Where does the string "unfolding" occur in the records? Copy each line that holds it.
*** Begin section ***
(* For every integer $n\ge 2$, the clique number of $D_n$ is $$Cl(D_n)=\tau(n)+\pi(n)-\omega(n)+\gamma_1(n).$$ In particular, if $n$ is prime, $Cl(D_n)=\pi(n)+1$.
   Context: $D_n$ is the graph with vertex set $\{1,\dots,n\}$ in which distinct $a,b$ are adjacent iff $\gcd(a,b)\mid n$ (the maximal Diophantine graph of order $n$). $Cl(G)$ is the maximum order of a complete subgraph of $G$. $\pi(x)$ is the number of primes $\le x$, $\omega(n)$ the number of distinct primes dividing $n$, $\tau(n)$ the number of positive divisors of $n$. For a prime $p$, $\acute v_p(n):=v_p(n)+1$ where $v_p$ is the $p$-adic valuation, and for real $0<x<n$, $\gamma_x(n):=\left|\{p^{\acute v_p(n)} : p \text{ prime},\ p\mid n,\ x<p^{\acute v_p(n)}<n\}\right|$. *)

theory Defs
  imports Complex_Main "HOL-Computational_Algebra.Primes"
begin

text \<open>Simple graph given by a vertex set and a (symmetric, irreflexive) adjacency relation.\<close>

definition is_clique :: "'a set \<Rightarrow> ('a \<Rightarrow> 'a \<Rightarrow> bool) \<Rightarrow> 'a set \<Rightarrow> bool" where
  "is_clique V adj S \<longleftrightarrow> S \<subseteq> V \<and> (\<forall>a\<in>S. \<forall>b\<in>S. a \<noteq> b \<longrightarrow> adj a b)"

text \<open>Clique number: maximum order of a complete subgraph (V assumed finite).\<close>
definition clique_number :: "'a set \<Rightarrow> ('a \<Rightarrow> 'a \<Rightarrow> bool) \<Rightarrow> nat" where
  "clique_number V adj = Max (card ` {S. is_clique V adj S})"

definition D_vertices :: "nat \<Rightarrow> nat set" where
  "D_vertices n = {1..n}"

definition D_adj :: "nat \<Rightarrow> nat \<Rightarrow> nat \<Rightarrow> bool" where
  "D_adj n a b \<longleftrightarrow> a \<noteq> b \<and> gcd a b dvd n"

definition Cl_D :: "nat \<Rightarrow> nat" where
  "Cl_D n = clique_number (D_vertices n) (D_adj n)"

definition prime_pi :: "nat \<Rightarrow> nat" where
  "prime_pi x = card {p. prime p \<and> p \<le> x}"

definition omega :: "nat \<Rightarrow> nat" where
  "omega n = card (prime_factors n)"

definition tau :: "nat \<Rightarrow> nat" where
  "tau n = card {d. d dvd n}"

definition vacute :: "nat \<Rightarrow> nat \<Rightarrow> nat" where
  "vacute p n = multiplicity p n + 1"

definition gamma :: "real \<Rightarrow> nat \<Rightarrow> nat" where
  "gamma x n = card {p ^ vacute p n | p. prime p \<and> p dvd n \<and>
                        x < real (p ^ vacute p n) \<and> p ^ vacute p n < n}"

end

theory Submission
  imports Defs
begin

text \<open>Write \<open>Q p = p ^ vacute p n\<close>. A positive \<open>x\<close> divides \<open>n\<close> iff no \<open>Q p\<close> divides \<open>x\<close>,
  so \<open>gcd a b dvd n\<close> iff \<open>a\<close> and \<open>b\<close> share no \<open>Q p\<close>. Hence the divisors of \<open>n\<close> together
  with all \<open>Q p \<le> n\<close> form a clique, and in any clique the non-divisors are pairwise separated
  by distinct primes \<open>p\<close> with \<open>Q p \<le> n\<close>; so
  \<open>Cl(D\<^sub>n) = \<tau>(n) + #{p prime. Q p \<le> n}\<close>. For \<open>p \<nmid> n\<close> one has \<open>Q p = p\<close>, while for
  \<open>p | n\<close> the power \<open>Q p\<close> never equals \<open>n\<close>; counting the two kinds of primes gives
  \<open>\<pi>(n) - \<omega>(n) + \<gamma>\<^sub>1(n)\<close>.\<close>

lemma clique_number_eqI:
  assumes "finite V" "is_clique V adj S"
    and "\<And>T. is_clique V adj T \<Longrightarrow> card T \<le> card S"
  shows "clique_number V adj = card S"
  unfolding clique_number_def
proof (rule Max_eqI)
  have "{T. is_clique V adj T} \<subseteq> Pow V"
    unfolding is_clique_def by auto
  then show "finite (card ` {T. is_clique V adj T})"
    using assms(1) finite_subset by blast
qed (use assms(2,3) in auto)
*** End section ***
Response for this exercise:
  unfolding clique_number_def
    unfolding is_clique_def by auto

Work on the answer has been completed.